According to AbuRahma, writing group chair, “These guideline recommendations address the latest technology in the management of carotid disease, such as transcarotid artery stenting with flow reversal and how its outcomes compare to transfemoral stenting and the gold-standard, carotid endarterectomy.”

The 2021 SVS guidelines propose that CEA remains the preferred intervention over CAS in low-risk patients with symptomatic and asymptomatic disease.

Evidence suggests that once the perioperative period has elapsed, late ipsilateral stroke (at five and nine years) is no different between CEA and CAS, but 30-day death/stroke is significantly higher after transfemoral CAS vs. CEA, especially in the first seven to 14 days after symptom onset.

This is why the SVS and European Society for Vascular Surgery (ESVS) guidelines retain CEA as the first-line option.

Aneurysms of the popliteal artery are the most common aneurysms outside of the brain and abdominal aorta. Popliteal artery aneurysms can cause limb loss and therefore early diagnosis, careful follow up, and timely treatment of this condition are paramount.
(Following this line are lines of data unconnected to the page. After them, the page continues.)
lemma tle_branches_trans:
  assumes "x \<in> carrier T" "y \<in> carrier T" "z \<in> carrier T" "tle T x y" "branches T y z"
  shows "tle T x z \<or> branches T x z"
proof -
  obtain m a b where ab: "isucc T m a" "isucc T m b" "a \<noteq> b" "tle T a y" "tle T b z"
      "sle T a b"
    using assms(5) unfolding branches_def by blast
  have c: "m \<in> carrier T" "a \<in> carrier T" "b \<in> carrier T" "tle T m a" "tle T m b"
    using ab(1,2) isuccD by blast+
  have mz: "tle T m z" using tree_trans[of m b z] c ab assms by blast
  have "tle T x a \<or> tle T a x" using tree_preds_linear[of y x a] assms c ab by blast
  then show ?thesis
  proof
    assume "tle T a x" then show ?thesis using ab unfolding branches_def by blast
  next
    assume xa: "tle T x a"
    have "tle T x m \<or> tle T m x" using tree_preds_linear[of a x m] assms c xa by blast
    moreover have "tle T m x \<Longrightarrow> x = m \<or> x = a"
      using ab(1) xa assms unfolding isucc_def by blast
    moreover have "tle T x m \<Longrightarrow> tle T x z" using tree_trans[of x m z] mz c assms by blast
    ultimately show ?thesis using mz ab tree_refl[of a] c unfolding branches_def by blast
  qed
qed

lemma branches_tle_trans:
  assumes "x \<in> carrier T" "y \<in> carrier T" "z \<in> carrier T" "branches T x y" "tle T y z"
  shows "branches T x z"
proof -
  obtain m a b where ab: "isucc T m a" "isucc T m b" "a \<noteq> b" "tle T a x" "tle T b y" "sle T a b"
    using assms(4) unfolding branches_def by blast
  have "b \<in> carrier T" using ab(2) isuccD by blast
  then have "tle T b z" using tree_trans[of b y z] ab assms by blast
  then show ?thesis using ab unfolding branches_def by blast
qed

lemma isucc_least_above:
  assumes "isucc T m b" "tle T b y" "tle T x y" "tle T m x" "x \<noteq> m"
    "x \<in> carrier T" "y \<in> carrier T"
  shows "tle T b x"
proof -
  have "b \<in> carrier T" using isuccD[OF assms(1)] by blast
  then have "tle T x b \<or> tle T b x" using tree_preds_linear[OF assms(7,6) _ assms(3,2)] by blast
  then show ?thesis using assms(1,4-6) tree_refl[of b] unfolding isucc_def by blast
qed

lemma branches_trans:
  assumes "x \<in> carrier T" "y \<in> carrier T" "z \<in> carrier T" "branches T x y" "branches T y z"
  shows "branches T x z"
proof -
  obtain m1 a1 b1 where ab1: "isucc T m1 a1" "isucc T m1 b1" "a1 \<noteq> b1"
      "tle T a1 x" "tle T b1 y" "sle T a1 b1"
    using assms(4) unfolding branches_def by blast
  obtain m2 a2 b2 where ab2: "isucc T m2 a2" "isucc T m2 b2" "a2 \<noteq> b2"
      "tle T a2 y" "tle T b2 z" "sle T a2 b2"
    using assms(5) unfolding branches_def by blast
  have c1: "m1 \<in> carrier T" "a1 \<in> carrier T" "b1 \<in> carrier T" "tle T m1 a1" "tle T m1 b1"
    using isuccD[OF ab1(1)] isuccD[OF ab1(2)] by auto
  have c2: "m2 \<in> carrier T" "a2 \<in> carrier T" "b2 \<in> carrier T" "tle T m2 a2" "tle T m2 b2"
    using isuccD[OF ab2(1)] isuccD[OF ab2(2)] by auto
  have m1y: "tle T m1 y" using tree_trans[of m1 b1 y] c1 ab1 assms by blast
  have m2y: "tle T m2 y" using tree_trans[of m2 a2 y] c2 ab2 assms by blast
  consider "m1 = m2" | "tle T m1 m2" "m1 \<noteq> m2" | "tle T m2 m1" "m1 \<noteq> m2"
    using tree_preds_linear[OF assms(2) c1(1) c2(1) m1y m2y] by blast
  then show ?thesis
  proof cases
    case 1
    have ba: "b1 = a2" using isucc_unique[of m1 b1 a2 y] ab1 ab2 1 assms by blast
    have "sle T a1 b2" using sle_trans[of m1 a1 b1 b2] ab1 ab2 1 ba by blast
    moreover have "a1 \<noteq> b2" using sle_antisym[of m1 a1 b1] ab1 ab2 ba by blast
    ultimately show ?thesis using ab1 ab2 1 unfolding branches_def by blast
  next
    case 2
    have "tle T b1 m2" using isucc_least_above[OF ab1(2,5) m2y 2(1) 2(2)[symmetric] c2(1) assms(2)] .
    then have "tle T b1 z" using tree_trans[of b1 m2 b2] tree_trans[of b1 b2 z] c1 c2 ab2 assms by blast
    then show ?thesis using ab1 unfolding branches_def by blast
  next
    case 3
    have "tle T a2 m1" using isucc_least_above[OF ab2(1,4) m1y 3 c1(1) assms(2)] .
    then have "tle T a2 x" using tree_trans[of a2 m1 a1] tree_trans[of a2 a1 x] c1 c2 ab1 assms by blast
    then show ?thesis using ab2 unfolding branches_def by blast
  qed
qed

lemma lex_trans:
  assumes "x \<in> carrier T" "y \<in> carrier T" "z \<in> carrier T" "lex T x y" "lex T y z"
  shows "lex T x z"
proof -
  have "tle T x y \<or> branches T x y" "tle T y z \<or> branches T y z"
    using lex_iff_tle_or_branches assms by blast+
  then have "tle T x z \<or> branches T x z"
    using tree_trans[of x y z] tle_branches_trans[of x y z] branches_tle_trans[of x y z]
      branches_trans[of x y z] assms by blast
  then show ?thesis using lex_iff_tle_or_branches assms by blast
qed

lemma lex_antisym:
  assumes "v \<in> carrier T" "w \<in> carrier T" "lex T v w" "lex T w v"
  shows "v = w"
proof (rule ccontr)
  assume "v \<noteq> w"
  have incomparable: "\<not> tle T v w \<and> \<not> tle T w v" if "branches T v w \<or> branches T w v"
    using that isucc_distinct_meet assms(1,2) unfolding branches_def by blast
  then have "branches T v w" "branches T w v"
    using lex_iff_tle_or_branches assms tree_antisym \<open>v \<noteq> w\<close> by blast+
  then obtain m1 a1 b1 m2 a2 b2 where
      ab1: "isucc T m1 a1" "isucc T m1 b1" "a1 \<noteq> b1" "tle T a1 v" "tle T b1 w" "sle T a1 b1" and
      ab2: "isucc T m2 a2" "isucc T m2 b2" "a2 \<noteq> b2" "tle T a2 w" "tle T b2 v" "sle T a2 b2"
    unfolding branches_def by blast
  have "m1 = meet T v w" "m2 = meet T w v"
    using isucc_distinct_meet[OF ab1(1-5) assms(1,2)] isucc_distinct_meet[OF ab2(1-5) assms(2,1)]
    by auto
  then have m: "m1 = m2" using meet_commute[OF assms(1,2)] by simp
  have "a1 = b2" using isucc_unique[of m1 a1 b2 v] ab1 ab2 m assms by blast
  moreover have "b1 = a2" using isucc_unique[of m1 b1 a2 w] ab1 ab2 m assms by blast
  ultimately show False using sle_antisym[of m1 a1 b1] ab1 ab2 by blast
qed
(* Let $\varepsilon,K>0$ be constants with $\varepsilon<1/6$. Let $n$ be sufficiently large in terms of $\varepsilon,K$ and let $G$ be an $n$-vertex graph with $\Delta(G)\leq Kn^{1/3+\varepsilon}$. Suppose $G$ has $q$ copies of $C_4$ and every edge lies in at most $\frac{96\log n}{n^{4/3+\varepsilon}}q$ copies of $C_4$. Then there exist $v\in V(G)$, a positive real $s$ and a symmetric set $\mathcal{D}\subset V(G)^3$ with $|\mathcal{D}|\geq \frac{q}{n\log n}$ such that: (1) for each $(x,y,z)\in\mathcal{D}$, the vertices $v,x,y,z$ are distinct and $vx,xy,yz,zv\in E(G)$; (2) for each $(x,y,z)\in\mathcal{D}$, $d(v,y)\leq s$ and $d(x,z)\leq s$; (3) for every $x\in V(G)$, there are at most $\frac{384(\log n)q}{n^{4/3+\varepsilon}s}$ vertices $y\in V(G)$ for which some $z\in V(G)$ satisfies $(x,y,z)\in\mathcal{D}$.
   Context: A set $\mathcal{D}$ of triples is symmetric if $(x,y,z)\in\mathcal{D}$ implies $(z,y,x)\in\mathcal{D}$. $d(u,w)$ is the codegree (number of common neighbours) of $u,w$. A copy of $C_4$ is a subgraph isomorphic to the $4$-cycle; $\log$ is the natural logarithm. *)

theory Defs
  imports Complex_Main
begin

definition simple_graph :: "'a set \<Rightarrow> ('a \<Rightarrow> 'a \<Rightarrow> bool) \<Rightarrow> bool" where
  "simple_graph V E \<longleftrightarrow> finite V \<and> (\<forall>x y. E x y \<longrightarrow> x \<in> V \<and> y \<in> V)
     \<and> (\<forall>x y. E x y \<longrightarrow> E y x) \<and> (\<forall>x. \<not> E x x)"

definition degree :: "'a set \<Rightarrow> ('a \<Rightarrow> 'a \<Rightarrow> bool) \<Rightarrow> 'a \<Rightarrow> nat" where
  "degree V E v = card {u \<in> V. E v u}"

definition codegree :: "'a set \<Rightarrow> ('a \<Rightarrow> 'a \<Rightarrow> bool) \<Rightarrow> 'a \<Rightarrow> 'a \<Rightarrow> nat" where
  "codegree V E u w = card {x \<in> V. E u x \<and> E w x}"

text \<open>Copies of C4, each represented by its set of four edges (edges = 2-element sets).\<close>
definition C4_copies :: "'a set \<Rightarrow> ('a \<Rightarrow> 'a \<Rightarrow> bool) \<Rightarrow> 'a set set set" where
  "C4_copies V E = {{{a,b},{b,c},{c,d},{d,a}} | a b c d.
      a \<in> V \<and> b \<in> V \<and> c \<in> V \<and> d \<in> V \<and> distinct [a,b,c,d]
      \<and> E a b \<and> E b c \<and> E c d \<and> E d a}"

definition symmetric_triples :: "('a \<times> 'a \<times> 'a) set \<Rightarrow> bool" where
  "symmetric_triples D \<longleftrightarrow> (\<forall>x y z. (x,y,z) \<in> D \<longrightarrow> (z,y,x) \<in> D)"

end

theory Submission
  imports Defs
begin

text \<open>Label each copy of \<open>C\<^sub>4\<close> as \<open>v x y z\<close> so that the diagonal \<open>vy\<close> has the
  larger codegree; every copy has at least four such labellings. Grouping the labellings by
  \<open>v\<close> and by the dyadic level \<open>k\<close> with \<open>4^(k-1) < d(v,y) \<le> 4^k\<close> gives at most
  \<open>n (log\<^sub>4 n + 2)\<close> classes, so one class \<open>D\<close> has at least \<open>q / (n log n)\<close> elements;
  take \<open>s = 4^k\<close>. For fixed \<open>x\<close>, every \<open>y\<close> occurring in \<open>D\<close> has more than \<open>4^(k-1)\<close>
  common neighbours \<open>w \<noteq> x\<close> with \<open>v\<close>, and each of them closes its own copy \<open>v x y w\<close>
  through the edge \<open>vx\<close>; so the bound on copies of \<open>C\<^sub>4\<close> per edge bounds the number of
  such \<open>y\<close>.\<close>

lemma card_eq_sum_card_fibres:
  assumes "finite S" "finite T" "g ` S \<subseteq> T"
  shows "card S = (\<Sum>y\<in>T. card {x \<in> S. g x = y})"
  using sum.group[OF assms, of "\<lambda>_. 1::nat"] by simp

lemma exists_large_fibre:
  assumes "finite S" "finite P" "P \<noteq> {}" "g ` S \<subseteq> P"
  obtains p where "p \<in> P" "card S \<le> card P * card {x \<in> S. g x = p}"
proof -
  let ?f = "\<lambda>p. card {x \<in> S. g x = p}"
  obtain p where "p \<in> P" and p_max: "\<And>p'. p' \<in> P \<Longrightarrow> ?f p' \<le> ?f p"
    using Max_in[of "?f ` P"] Max_ge[of "?f ` P"] assms(2,3) by fastforce
  have "card S = sum ?f P" by (rule card_eq_sum_card_fibres[OF assms(1,2,4)])
  also have "\<dots> \<le> card P * ?f p" using sum_bounded_above[of P ?f "?f p"] p_max by simp
  finally show thesis using \<open>p \<in> P\<close> that by blast
qed

definition cycle4 :: "'a \<Rightarrow> 'a \<Rightarrow> 'a \<Rightarrow> 'a \<Rightarrow> 'a set set" where
  "cycle4 a b c d = {{a,b},{b,c},{c,d},{d,a}}"

lemma cycle4_rotate: "cycle4 a b c d = cycle4 b c d a"
  unfolding cycle4_def by (simp add: insert_commute)

lemma cycle4_reverse: "cycle4 a b c d = cycle4 a d c b"
  unfolding cycle4_def by (simp add: insert_commute)

lemma C4_copiesE:
  assumes "C \<in> C4_copies V E"
  obtains a b c d where "C = cycle4 a b c d" "a \<in> V" "b \<in> V" "c \<in> V" "d \<in> V"
    "distinct [a,b,c,d]" "E a b" "E b c" "E c d" "E d a"
  using assms unfolding C4_copies_def cycle4_def by blast

lemma cycle4_in_C4_copies:
  assumes "a \<in> V" "b \<in> V" "c \<in> V" "d \<in> V" "distinct [a,b,c,d]"
    "E a b" "E b c" "E c d" "E d a"
  shows "cycle4 a b c d \<in> C4_copies V E"
  unfolding C4_copies_def cycle4_def using assms by blast

lemma finite_C4_copies: "finite V \<Longrightarrow> finite (C4_copies V E)"
proof -
  assume "finite V"
  have "C4_copies V E \<subseteq> (\<lambda>(a,b,c,d). cycle4 a b c d) ` (V \<times> V \<times> V \<times> V)"
    by (force elim: C4_copiesE)
  then show ?thesis by (rule finite_subset) (use \<open>finite V\<close> in simp)
qed

lemma cycle4_inj:
  assumes "distinct [v,x,y,w]" "distinct [v,x,y',w']" "cycle4 v x y w = cycle4 v x y' w'"
  shows "y = y' \<and> w = w'"
proof -
  have "{x,y} \<in> cycle4 v x y' w'" "{w,v} \<in> cycle4 v x y' w'"
    unfolding assms(3)[symmetric] by (simp_all add: cycle4_def)
  then show ?thesis using assms(1,2) by (auto simp: cycle4_def doubleton_eq_iff)
qed

lemma codegree_commute: "codegree V E a b = codegree V E b a"
  unfolding codegree_def by (simp add: conj_commute)

lemma codegree_le_card:
  "finite V \<Longrightarrow> codegree V E a b \<le> card V"
  unfolding codegree_def by (rule card_mono) auto

lemma card_mult_le_card_C4_copies_edge:
  assumes G: "simple_graph V E" and "E v x" and "Y \<subseteq> V"
    and Y: "\<And>y. y \<in> Y \<Longrightarrow> E x y \<and> y \<noteq> v \<and> m < codegree V E v y"
  shows "card Y * m \<le> card {C \<in> C4_copies V E. {v,x} \<in> C}"
proof -
  have fin: "finite V" and sym: "\<And>a b. E a b \<Longrightarrow> E b a" and irr: "\<And>a. \<not> E a a"
    and inV: "\<And>a b. E a b \<Longrightarrow> a \<in> V \<and> b \<in> V"
    using G by (auto simp: simple_graph_def)
  define Z where "Z y = {w \<in> V. E v w \<and> E y w} - {x}" for y
  have card_Z: "m \<le> card (Z y)" if "y \<in> Y" for y
  proof -
    have "x \<in> {w \<in> V. E v w \<and> E y w}"
      using \<open>E v x\<close> Y[OF that] sym inV by blast
    then have "card (Z y) = codegree V E v y - 1"
      using fin by (simp add: Z_def codegree_def card_Diff_singleton)
    with Y[OF that] show ?thesis by arith
  qed
  have cycle: "distinct [v,x,y,w] \<and> E x y \<and> E y w \<and> E w v" if "y \<in> Y" "w \<in> Z y" for y w
  proof -
    have "E v w" "E y w" "w \<noteq> x" "E x y" "y \<noteq> v"
      using that Y by (auto simp: Z_def)
    moreover have "v \<noteq> x" "x \<noteq> y" "v \<noteq> w" "y \<noteq> w"
      using irr \<open>E v x\<close> \<open>E x y\<close> \<open>E v w\<close> \<open>E y w\<close> by metis+
    ultimately show ?thesis using sym[of v w] by auto
  qed
  let ?f = "\<lambda>(y,w). cycle4 v x y w"
  have "inj_on ?f (Sigma Y Z)"
  proof (rule inj_onI, clarify)
    fix y w y' w' assume "y \<in> Y" "w \<in> Z y" "y' \<in> Y" "w' \<in> Z y'"
      and "cycle4 v x y w = cycle4 v x y' w'"
    then show "y = y' \<and> w = w'" by (meson cycle cycle4_inj)
  qed
  moreover have "?f ` Sigma Y Z \<subseteq> {C \<in> C4_copies V E. {v,x} \<in> C}"
  proof clarify
    fix y w assume "y \<in> Y" "w \<in> Z y"
    with cycle[OF this] \<open>E v x\<close> inV[of v x] inV[of y w]
    have "cycle4 v x y w \<in> C4_copies V E" by (intro cycle4_in_C4_copies) auto
    then show "cycle4 v x y w \<in> C4_copies V E \<and> {v,x} \<in> cycle4 v x y w"
      by (simp add: cycle4_def)
  qed
  ultimately have "card (Sigma Y Z) \<le> card {C \<in> C4_copies V E. {v,x} \<in> C}"
    using finite_C4_copies[OF fin] by (intro card_inj_on_le) auto
  moreover have "card (Sigma Y Z) = (\<Sum>y\<in>Y. card (Z y))"
    using finite_subset[OF \<open>Y \<subseteq> V\<close> fin] by (rule card_SigmaI) (simp add: Z_def fin)
  moreover have "card Y * m \<le> (\<Sum>y\<in>Y. card (Z y))"
    using sum_bounded_below[of Y m "\<lambda>y. card (Z y)"] card_Z by simp
  ultimately show ?thesis by linarith
qed

definition labelled_C4s :: "'a set \<Rightarrow> ('a \<Rightarrow> 'a \<Rightarrow> bool) \<Rightarrow> ('a \<times> 'a \<times> 'a \<times> 'a) set" where
  "labelled_C4s V E = {(v,x,y,z). v \<in> V \<and> x \<in> V \<and> y \<in> V \<and> z \<in> V \<and> distinct [v,x,y,z]
     \<and> E v x \<and> E x y \<and> E y z \<and> E z v \<and> codegree V E x z \<le> codegree V E v y}"

lemma finite_labelled_C4s: "finite V \<Longrightarrow> finite (labelled_C4s V E)"
  by (rule finite_subset[of _ "V \<times> V \<times> V \<times> V"]) (auto simp: labelled_C4s_def)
These SVS practice guidelines offer recommendations to inform the diagnosis, evaluation, treatment options, and follow up of patients with popliteal artery aneurysms. Evidence-based recommendations regarding the evaluation of patients with known popliteal aneurysms, as well as size thresholds for repair, are included. Specific circumstances under which aneurysms may be considered for repair at a smaller size are also provided. Recommendations for open versus endovascular repair are given for specific patient populations based on life expectancy, as are recommendations for urgent treatment of thrombosed popliteal aneurysms based on the Rutherford acute ischemia stage at presentation.